TASK TO CARRY OUT.
In the records below, find the line containing "b = (if collinear" and retype it and every line after it exactly, adding nothing.

INFORMATION PROVIDED.
(* Let $z_0\in\mathbb C\setminus\{0\}$ and let $S_n=z_0+\sum_{j=1}^nX_j$, where $X_1,X_2,\dots$ are i.i.d. with $\mathbf P(X_1=\sqrt2)=\mathbf P(X_1=-\sqrt2)=\mathbf P(X_1=i\sqrt2)=\mathbf P(X_1=-i\sqrt2)=1/4$. Let $\Theta(n)=\sum_{k=1}^n\phi(k)$, where $\phi(k)=0$ if $S_{k-1},S_k$ and $0$ are collinear, and otherwise $\phi(k)$ is the unique number in $(-\pi,\pi)$ with $\frac{S_{k-1}}{|S_{k-1}|}e^{i\phi(k)}=\frac{S_k}{|S_k|}$. Then there is a constant $C$ (independent of $z_0$ and $n$) such that for all $n\ge2$, $$\mathbf E\sup_{1\le k\le n}|\Theta(k)|^2\le C\log^2n.$$ *)

theory Defs
  imports "HOL-Probability.Probability"
begin

definition step_pmf :: "complex pmf" where
  "step_pmf = pmf_of_set {complex_of_real (sqrt 2), - complex_of_real (sqrt 2),
                          \<i> * complex_of_real (sqrt 2), - (\<i> * complex_of_real (sqrt 2))}"

definition walk :: "complex \<Rightarrow> complex list \<Rightarrow> nat \<Rightarrow> complex" where
  "walk z0 xs k = z0 + (\<Sum>j<k. xs ! j)"

definition phi :: "complex \<Rightarrow> complex \<Rightarrow> real" where
  "phi a b = (if collinear {a, b, 0} then 0
              else (THE t. - pi < t \<and> t < pi \<and>
                      (a / complex_of_real (cmod a)) * exp (\<i> * complex_of_real t)
                        = b / complex_of_real (cmod b)))"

ANSWER AREA.
  "phi a b = (if collinear {a, b, 0} then 0
              else (THE t. - pi < t \<and> t < pi \<and>
                      (a / complex_of_real (cmod a)) * exp (\<i> * complex_of_real t)
                        = b / complex_of_real (cmod b)))"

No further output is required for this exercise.